You know what would be really beneficial to everyone? If officials from the City of Duncan and surrounding areas were to take a car ride with a stranger to the area and make a serious assessment of the traffic signage.
The evenings are beginning to grow longer and brighter (a very welcome development) at this time of year, and we can’t help but reflect back on those very, very dark nights now behind us.
One of the things that stands out about the evening commute is just how difficult it is to see the markings on the road — we’re talking lane lines and such.
It’s pretty important to be able to clearly see the lane you’re turning into, or where the turn lane begins, for example.
In the dark, when it’s raining and you have other people’s headlights coming at you?
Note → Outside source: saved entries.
lemma r_index_le_0_iff: "r_index N I g \<le> 0 \<longleftrightarrow> low_pairings_vanish g"
proof (cases "g \<in> group_points N I fls_const fls_integral_part")
  case True
  then show ?thesis
    using low_pairings_vanish_if_integral by (simp add: r_index_def)
next
  case False
  define S where "S = {r. 0 < r \<and> map_mat (incl_r r) (adj_mat g) * map_mat (sigma_r r) g
    \<in> group_points N I (\<lambda>a. fls_const [:a:]) fls_integral_part}"
  have r_index: "r_index N I g = Inf ((\<lambda>r. ereal (real_of_rat r)) ` S)"
    using False by (simp add: r_index_def S_def)
  show ?thesis
  proof
    assume "low_pairings_vanish g"
    then show "r_index N I g \<le> 0"
      unfolding r_index
      by (intro Inf_ereal_of_rat_le_0) (simp add: S_def sigma_conj_integral_if_low_pairings_vanish)
  next
    assume le_0: "r_index N I g \<le> 0"
    show "low_pairings_vanish g"
    proof (rule ccontr)
      assume "\<not> low_pairings_vanish g"
      then obtain c where "0 < c" "\<And>r. r \<in> S \<Longrightarrow> c \<le> r"
        by (rule sigma_conj_integral_imp_lower_bound) (auto simp: S_def)
      then have "0 < r_index N I g"
        unfolding r_index by (rule Inf_ereal_of_rat_pos)
      with le_0 show False by simp
    qed
  qed
qed

end

theorem mainTheorem13:
  fixes N :: nat and I :: "('a::comm_ring_1) mpoly set"
  assumes "closed_subgroup_scheme_SL N I"
  shows "{g \<in> group_points N I fls_const UNIV. r_index N I g \<le> 0} =
         {g \<in> group_points N I fls_const UNIV.
            map_mat incl_lambda (adj_mat g) * map_mat lambda_subst g
              \<in> group_points N I (\<lambda>a. fls_const (fls_const a)) laurent_poly_power_series}"
  using r_index_le_0_iff[OF assms] lambda_conj_in_iff[OF assms] by blast

end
Forget about it. The road markings are all but invisible until you’re on top of them, and sometimes not even then.
Reflectors would be a huge improvement, or at least some more reflective paint. Unfortunately, this time of year, when it is the hardest to see and you need it the most, the paint is the most likely to be worn down or covered up.
Downtown Duncan is a veritable maze to try to navigate for the newcomer.
The one-way streets are pretty well marked as you come up to them, but not so for where lanes are going to be ending, or end in a mandatory turn in a particular direction.
A stranger to the traffic patterns would have to make a guess in a number of places as to which lane will get them straight through, and if they guess wrong, with the traffic being what it is on most days, it’s not always an easy thing to make a correction partway through.
We’re sure the municipal units involved have done their due diligence by consulting traffic experts and such, but there’s no replacement for actually sitting in a car beside someone who’s totally new to the area and watching them struggle through. It provides a unique perspective that you’ve inevitably lost once you’ve lived in a place for awhile.
What’s the big deal, you might ask? We’re not talking about driving through Montreal or Toronto or Vancouver. Duncan’s just not that big or complicated.
Which is true enough, but that doesn’t mean we can’t make it better and more welcoming for motorists. After all, we want them to get off the highway, not be dissuaded from doing so.
We do have some weird intersections due to a lack of cohesive traffic planning back a century or so ago.
We bet the locals would appreciate better signage as well, and we’d certainly appreciate road markings that stand out in all conditions.